Basically, Vitamin C’s reputation as a brightening agent, or hyper-pigmentation treatment is down to L-ascorbic acid. There are products that use this, but for the most part, I have used products with derivatives. This is purely down to chance. But as someone with sensitive skin, I do worry that L-ascorbic acid may be too strong for me.
Now, when it comes to derivatives, there is research. But it is limited, as yet, to controlled lab trials. There haven’t been tests conducted on human beings. So, the question is; how effective are such serums?
Personally, I have used them. And really liked them. The YEOUTH serum was pretty good. The SDARA serum was, frankly, incredible. And I’d continue using them, as hydrating, brightening serums. Particularly because they combine a Vitamin C derivative, with other ingredients. In fact, all three serums mentioned, use Vitamin C derivatives. And as I mentioned, in all three cases, my skin was hydrated and luminous.
But, I wouldn’t rely only on Vitamin C. The pure active ingredient is really unstable. Whereas the derivatives lack enough evidence to suggest that they do everything that that’s on the tin.
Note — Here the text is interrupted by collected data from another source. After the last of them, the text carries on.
(* Let $G$ be a directed graph on vertex set $V$ with $|V|=n$ odd and integer edge weights in $[-M,M]$, $M\ge1$; extend $w$ to all ordered pairs $(u,v)\in V\times V$ (including $u=v$) by setting $w(u,v)=4M$ when $(u,v)$ is not an edge. Let $H=100M$. Let $G'$ be the undirected graph with vertex set $\{u_A,u_B,u_{B'},u_C,u_{C'}:u\in V\}$ and, for all $u,v\in V$ (not necessarily distinct), edges $u_A v_B$ of weight $3H+w(u,v)$, $u_A v_{B'}$ of weight $3H-w(u,v)$, $u_A v_C$ of weight $6H-w(v,u)$, $u_A v_{C'}$ of weight $3H+w(v,u)$, $u_Bv_C$ of weight $3H+w(u,v)$, and (for $u\ne v$) $u_Av_A$ of weight $H$. Let $G'_0$ be $G'$ with every weight multiplied by $4n$, and write $A=\{u_A:u\in V\}$. For $S\subseteq A$ let $G'_S$ be obtained from $G'_0$ by subtracting $1$ from the weight of every edge $s v_B$ and $s v_C$ with $s\in S$, and adding $1$ to the weight of every edge $s v_{B'}$ with $s\in S$. Then the median value $\min_{p}\sum_{q}d_{G'_S}(p,q)$ of $G'_S$ is odd if and only if $S$ contains a vertex $p$ attaining $\min_{p}\sum_q d_{G'}(p,q)$.
   Context: $d_X(p,q)$ denotes shortest-path distance in the weighted graph $X$; sums $\sum_q$ range over all vertices of the graph. *)

theory Defs
  imports Main
begin

text \<open>A weighted graph on vertex set Vs is a function g with g x y = Some c iff xy is an
edge of weight c (g is assumed symmetric for undirected graphs).\<close>

fun walk_weight :: "('v \<Rightarrow> 'v \<Rightarrow> int option) \<Rightarrow> 'v list \<Rightarrow> int" where
  "walk_weight g (x # y # xs) = the (g x y) + walk_weight g (y # xs)"
| "walk_weight g _ = 0"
Final Thoughts; Use In Conjunction
As with all active ingredients, it comes down to why you want to use it. For example, an issue that I constantly struggle with, is hyper-pigmentation. Many Vitamin C serums make claims about helping with this. But, there are other active ingredients that are more effective. As was mentioned by Kenna Witnell in the video, alpha arbutin is a particularly effective ingredient for this. So, if you want to use Vitamin C for hyper-pigmentation, I’d get a product that pairs it with another ingredient.
Tiny suggestion, the Hadda Labo Lotion includes arbutin and a Vitamin C derivative. I have personally used it, it hydrates, brightens and helps with hyper-pigmentation. You can find it here.